ABSTRACT

Hereditary spastic paraplegias (HSPs) are a diverse class of neurodegenerative disorders that mainly affect the corticospinal tract of the body and result in various clinical conditions such as lower limb spasticity and muscle weakness in the lower extremities. Worldwide, more than 70 chromosomal loci/genes have been reported to be associated with HSPs, out of which, six genes viz., ATL1, FA2H, GJC2, AP4E1, ALDH18A1 and ATP13A2 have been mapped in Pakistani families. In the present genetic study, we report on a large consanguineous Pakistani family with a complex form of HSP segregating with a 18 bp deletion in the first exon of the Fatty Acid 2-Hydroxylase (FA2H) gene (NM_024306.5:c.159_176del). The identified in-frame deletion results in loss of six amino acids (p.Arg53_Ile58del) within the cytochrome B5 domain of the protein. FA2H is required for alpha-hydroxylation of free fatty acids to form alpha-hydroxylated sphingolipids. Its cytochrome b5-like heme-binding domain, which spans from residues 15 to 85, imparts the redox activity to FA2H. This mutation has previously been reported in a Pakistani family presenting with a similar form of complex HSP. Together with our findings the pathogenic role of the observed variant is further supported.
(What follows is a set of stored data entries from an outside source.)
(* Let $(x_n)_{n\ge1}$ be a monotone increasing sequence of positive integers such that for some $r>0$ and all $N$, $$E_N:=\#\{(a,b,c,d)\in[1,N]^4 : x_a+x_b=x_c+x_d\}\ge rN^3.$$ Then there exist increasing sequences of positive integers $(n_k)_{k\ge1}$ and $(a_N)_{N\ge1}$ with $n_k\to\infty$, $a_N\to\infty$, such that $(n_k)$ has density bounded from below in $\{1,\dots,a_N\}$ (i.e. there is $c>0$ with $\#\{k : n_k\le a_N\}\ge c\,a_N$ for all $N$), and for every $\varepsilon>0$ and almost every $\alpha\in\mathbb{R}$, $$\min\big\{\|\alpha x_{n_k}-\alpha x_{n_l}\| : k\ne l,\ n_k,n_l\le a_N\big\}\gg\frac{1}{a_N(\log a_N)^{1+\varepsilon}},$$ where the implied constant may depend on $\alpha$ and $\varepsilon$.
   Context: For $x\in\mathbb{R}$, $\|x\|=\min_{k\in\mathbb{Z}}|x-k|$ is the distance to the nearest integer. The left-hand side of the conclusion is the minimal gap modulo 1 among the points $\alpha x_{n_k}$ with $n_k\le a_N$ (written $\delta_{\min}^{\alpha}(x_{n_k},a_N)$ in the paper). *)

theory Defs
  imports "HOL-Analysis.Analysis"
begin

definition dist_nearest_int :: "real \<Rightarrow> real" where
  "dist_nearest_int x = (INF k::int. \<bar>x - real_of_int k\<bar>)"

definition add_energy :: "(nat \<Rightarrow> nat) \<Rightarrow> nat \<Rightarrow> nat" where
  "add_energy x N = card {(a, b, c, d). a \<in> {1..N} \<and> b \<in> {1..N} \<and> c \<in> {1..N} \<and> d \<in> {1..N}
                                        \<and> x a + x b = x c + x d}"

definition delta_min :: "real \<Rightarrow> (nat \<Rightarrow> nat) \<Rightarrow> (nat \<Rightarrow> nat) \<Rightarrow> nat \<Rightarrow> real" where
  "delta_min \<alpha> x n A = Min {dist_nearest_int (\<alpha> * real (x (n k)) - \<alpha> * real (x (n l))) | k l.
                             1 \<le> k \<and> 1 \<le> l \<and> k \<noteq> l \<and> n k \<le> A \<and> n l \<le> A}"

end

theory Submission
  imports Defs "HOL-Library.Infinite_Set"
begin

definition diff_set :: "'a::ab_group_add set \<Rightarrow> 'a set" where
  "diff_set V = (\<lambda>(a, b). a - b) ` (V \<times> V)"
Mutation studies on additional Pakistani families for FA2H will further elucidate its mutational spectrum, which may help in developing a prenatal diagnostic test for Khyber Pakhtunkhwa resident Pakistani families.

摘要

遗传性痉挛性截瘫 (HSP) 是一类多样化的神经退行性疾病，主要影响身体的皮质脊髓束，并导致各种临床状况，例如下肢痉挛和下肢肌肉无力。在世界范围内，据报道有 70 多个染色体位点/基因与 HSP 相关，其中，巴基斯坦家族中已经绘制了6 个基因，即ATL1、FA2H、GJC2、AP4E1、ALDH18A1和ATP13A2。在目前的遗传研究中，我们报告了一个大型近亲巴基斯坦家族，其具有复杂形式的 HSP 分离，在脂肪酸 2-羟化酶 ( FA2H)的第一个外显子中具有 18 bp 的缺失。) 基因 (NM_024306.5:c.159_176del)。确定的框内缺失导致蛋白质的细胞色素 B5 域内的六个氨基酸 (p.Arg53_Ile58del) 丢失。游离脂肪酸的α-羟基化形成α-羟基化鞘脂需要FA2H。它的细胞色素 b5 样血红素结合域，从残基 15 到 85，赋予 FA2H 氧化还原活性。这种突变以前曾在一个巴基斯坦家庭中报道过，表现出类似形式的复杂 HSP。与我们的发现一起，进一步支持了观察到的变异的致病作用。针对FA2H 的其他巴基斯坦家庭的突变研究将进一步阐明其突变谱，这可能有助于为开伯尔普赫图赫瓦省居民巴基斯坦家庭开发产前诊断测试。